Saved data entries

---

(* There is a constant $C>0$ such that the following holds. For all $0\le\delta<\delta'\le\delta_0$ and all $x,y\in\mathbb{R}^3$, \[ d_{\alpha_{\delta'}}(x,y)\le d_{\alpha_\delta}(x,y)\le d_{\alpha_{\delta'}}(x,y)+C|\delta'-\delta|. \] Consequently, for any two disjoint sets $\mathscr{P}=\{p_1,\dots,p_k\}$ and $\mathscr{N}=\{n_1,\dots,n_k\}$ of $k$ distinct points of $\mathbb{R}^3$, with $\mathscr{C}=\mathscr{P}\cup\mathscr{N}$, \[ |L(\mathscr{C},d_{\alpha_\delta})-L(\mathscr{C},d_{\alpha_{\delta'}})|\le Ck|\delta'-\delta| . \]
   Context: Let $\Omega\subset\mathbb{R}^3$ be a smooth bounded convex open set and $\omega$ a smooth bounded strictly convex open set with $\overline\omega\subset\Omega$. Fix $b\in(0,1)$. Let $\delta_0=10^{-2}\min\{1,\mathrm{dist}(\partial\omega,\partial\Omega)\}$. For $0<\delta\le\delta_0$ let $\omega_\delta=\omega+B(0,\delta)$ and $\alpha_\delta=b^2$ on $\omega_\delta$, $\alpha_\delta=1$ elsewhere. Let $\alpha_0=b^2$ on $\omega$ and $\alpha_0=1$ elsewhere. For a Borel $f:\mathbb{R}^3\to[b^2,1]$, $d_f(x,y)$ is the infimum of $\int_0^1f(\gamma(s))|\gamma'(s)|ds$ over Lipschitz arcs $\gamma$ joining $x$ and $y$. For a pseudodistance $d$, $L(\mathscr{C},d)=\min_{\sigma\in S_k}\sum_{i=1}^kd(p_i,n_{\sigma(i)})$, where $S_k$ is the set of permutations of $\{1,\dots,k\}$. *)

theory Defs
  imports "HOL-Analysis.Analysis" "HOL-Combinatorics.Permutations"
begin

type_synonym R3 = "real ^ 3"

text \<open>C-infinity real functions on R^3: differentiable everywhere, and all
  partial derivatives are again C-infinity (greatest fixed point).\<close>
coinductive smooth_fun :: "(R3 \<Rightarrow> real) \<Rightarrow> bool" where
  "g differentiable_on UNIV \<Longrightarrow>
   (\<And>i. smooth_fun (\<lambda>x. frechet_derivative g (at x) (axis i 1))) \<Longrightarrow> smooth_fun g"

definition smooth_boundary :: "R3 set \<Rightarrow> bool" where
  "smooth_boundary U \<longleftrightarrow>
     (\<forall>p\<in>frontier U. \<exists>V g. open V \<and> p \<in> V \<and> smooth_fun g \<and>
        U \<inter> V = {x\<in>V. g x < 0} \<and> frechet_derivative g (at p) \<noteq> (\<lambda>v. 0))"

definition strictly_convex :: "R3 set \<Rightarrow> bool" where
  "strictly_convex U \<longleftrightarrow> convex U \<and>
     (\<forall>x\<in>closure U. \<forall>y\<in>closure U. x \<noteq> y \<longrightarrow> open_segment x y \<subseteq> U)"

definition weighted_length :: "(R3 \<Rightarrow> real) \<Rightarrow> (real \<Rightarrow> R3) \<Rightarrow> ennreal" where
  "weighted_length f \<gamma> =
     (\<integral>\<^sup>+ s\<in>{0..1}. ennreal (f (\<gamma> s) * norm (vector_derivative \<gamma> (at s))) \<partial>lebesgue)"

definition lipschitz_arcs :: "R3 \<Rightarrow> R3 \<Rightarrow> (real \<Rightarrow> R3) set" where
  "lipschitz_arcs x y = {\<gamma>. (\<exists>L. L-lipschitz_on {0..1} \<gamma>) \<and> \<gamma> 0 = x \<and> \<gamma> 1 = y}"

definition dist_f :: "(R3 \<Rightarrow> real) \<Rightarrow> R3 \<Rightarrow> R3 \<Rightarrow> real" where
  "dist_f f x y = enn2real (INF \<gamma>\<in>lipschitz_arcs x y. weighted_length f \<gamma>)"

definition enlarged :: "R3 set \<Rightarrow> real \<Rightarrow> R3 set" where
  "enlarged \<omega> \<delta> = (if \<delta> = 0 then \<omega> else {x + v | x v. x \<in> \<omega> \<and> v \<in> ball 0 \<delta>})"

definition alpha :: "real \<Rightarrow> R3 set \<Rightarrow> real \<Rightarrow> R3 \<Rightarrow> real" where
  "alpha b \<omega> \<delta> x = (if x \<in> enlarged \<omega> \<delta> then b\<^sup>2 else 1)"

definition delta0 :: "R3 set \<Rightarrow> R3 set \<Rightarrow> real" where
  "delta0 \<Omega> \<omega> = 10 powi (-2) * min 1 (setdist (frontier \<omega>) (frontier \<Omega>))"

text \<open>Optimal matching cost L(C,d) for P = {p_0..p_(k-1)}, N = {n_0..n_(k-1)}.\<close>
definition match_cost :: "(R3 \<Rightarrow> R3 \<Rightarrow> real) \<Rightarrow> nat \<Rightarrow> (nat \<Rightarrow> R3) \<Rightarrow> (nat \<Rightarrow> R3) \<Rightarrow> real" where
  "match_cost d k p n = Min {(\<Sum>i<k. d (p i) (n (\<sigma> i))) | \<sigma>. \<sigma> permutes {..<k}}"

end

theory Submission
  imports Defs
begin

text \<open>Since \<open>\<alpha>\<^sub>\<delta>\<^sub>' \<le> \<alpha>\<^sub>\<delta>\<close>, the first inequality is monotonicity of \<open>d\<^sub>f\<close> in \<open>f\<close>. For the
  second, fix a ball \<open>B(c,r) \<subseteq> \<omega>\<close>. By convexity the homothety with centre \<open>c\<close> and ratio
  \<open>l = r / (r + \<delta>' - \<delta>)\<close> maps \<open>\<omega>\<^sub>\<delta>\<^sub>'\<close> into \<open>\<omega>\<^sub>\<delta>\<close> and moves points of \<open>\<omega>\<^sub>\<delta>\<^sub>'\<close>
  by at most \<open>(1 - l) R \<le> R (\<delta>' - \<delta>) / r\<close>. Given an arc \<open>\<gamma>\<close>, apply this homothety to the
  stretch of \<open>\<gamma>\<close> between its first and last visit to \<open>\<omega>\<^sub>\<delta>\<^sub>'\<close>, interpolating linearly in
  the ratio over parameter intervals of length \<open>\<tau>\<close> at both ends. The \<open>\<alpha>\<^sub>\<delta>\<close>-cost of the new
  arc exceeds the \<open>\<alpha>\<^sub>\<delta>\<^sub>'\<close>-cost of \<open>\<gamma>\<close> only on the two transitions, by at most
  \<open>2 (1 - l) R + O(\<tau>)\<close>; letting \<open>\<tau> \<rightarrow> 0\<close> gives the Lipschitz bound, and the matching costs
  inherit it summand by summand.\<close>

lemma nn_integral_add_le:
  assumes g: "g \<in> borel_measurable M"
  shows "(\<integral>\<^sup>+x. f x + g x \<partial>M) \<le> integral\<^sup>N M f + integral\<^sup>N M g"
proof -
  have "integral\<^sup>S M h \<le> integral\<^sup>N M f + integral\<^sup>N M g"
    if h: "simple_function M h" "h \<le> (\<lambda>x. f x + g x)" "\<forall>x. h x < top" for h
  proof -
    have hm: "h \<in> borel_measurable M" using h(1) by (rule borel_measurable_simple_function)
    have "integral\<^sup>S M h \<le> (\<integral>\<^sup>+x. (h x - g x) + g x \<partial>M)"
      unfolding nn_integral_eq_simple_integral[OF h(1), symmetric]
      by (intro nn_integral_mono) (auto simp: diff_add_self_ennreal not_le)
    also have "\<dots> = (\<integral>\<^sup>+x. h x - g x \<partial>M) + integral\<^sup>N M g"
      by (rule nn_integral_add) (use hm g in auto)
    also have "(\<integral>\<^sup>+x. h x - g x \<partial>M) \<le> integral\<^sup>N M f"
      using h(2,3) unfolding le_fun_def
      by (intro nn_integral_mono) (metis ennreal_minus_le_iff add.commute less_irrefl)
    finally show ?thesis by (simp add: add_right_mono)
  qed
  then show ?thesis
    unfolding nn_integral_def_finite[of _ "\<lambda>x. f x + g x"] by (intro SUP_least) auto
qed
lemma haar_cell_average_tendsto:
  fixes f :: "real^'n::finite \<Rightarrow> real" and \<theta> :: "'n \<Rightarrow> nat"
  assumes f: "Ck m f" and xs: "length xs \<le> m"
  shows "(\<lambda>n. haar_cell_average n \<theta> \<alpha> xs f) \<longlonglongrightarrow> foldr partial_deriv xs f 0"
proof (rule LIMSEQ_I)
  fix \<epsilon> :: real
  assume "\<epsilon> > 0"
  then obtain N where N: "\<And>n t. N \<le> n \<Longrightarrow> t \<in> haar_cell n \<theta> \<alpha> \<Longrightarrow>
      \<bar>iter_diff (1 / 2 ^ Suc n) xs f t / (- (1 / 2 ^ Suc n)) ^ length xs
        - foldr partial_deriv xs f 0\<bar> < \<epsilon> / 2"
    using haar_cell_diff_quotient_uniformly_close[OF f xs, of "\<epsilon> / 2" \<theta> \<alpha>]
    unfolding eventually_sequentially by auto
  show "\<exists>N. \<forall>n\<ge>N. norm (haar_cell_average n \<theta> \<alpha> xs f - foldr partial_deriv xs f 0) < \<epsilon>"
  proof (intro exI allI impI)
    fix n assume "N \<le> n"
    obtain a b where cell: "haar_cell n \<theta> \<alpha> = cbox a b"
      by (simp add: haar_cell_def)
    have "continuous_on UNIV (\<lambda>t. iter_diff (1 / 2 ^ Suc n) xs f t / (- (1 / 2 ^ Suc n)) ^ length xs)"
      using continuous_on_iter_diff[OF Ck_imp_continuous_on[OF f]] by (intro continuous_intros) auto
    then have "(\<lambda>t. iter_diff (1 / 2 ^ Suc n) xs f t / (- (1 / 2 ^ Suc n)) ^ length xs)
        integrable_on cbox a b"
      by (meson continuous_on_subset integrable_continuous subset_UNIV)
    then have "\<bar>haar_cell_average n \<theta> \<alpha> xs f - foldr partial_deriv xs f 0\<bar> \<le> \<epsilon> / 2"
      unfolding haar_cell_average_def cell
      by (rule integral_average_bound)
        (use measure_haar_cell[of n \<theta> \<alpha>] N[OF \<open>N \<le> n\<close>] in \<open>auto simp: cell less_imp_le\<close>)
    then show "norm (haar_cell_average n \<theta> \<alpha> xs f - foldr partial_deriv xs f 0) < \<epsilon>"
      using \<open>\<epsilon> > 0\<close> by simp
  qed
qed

---

_Exercise objective:_ Scan the lines above for the word "assumes", then copy each line that has it.

_Task solution:_
  assumes g: "g \<in> borel_measurable M"
  assumes f: "Ck m f" and xs: "length xs \<le> m"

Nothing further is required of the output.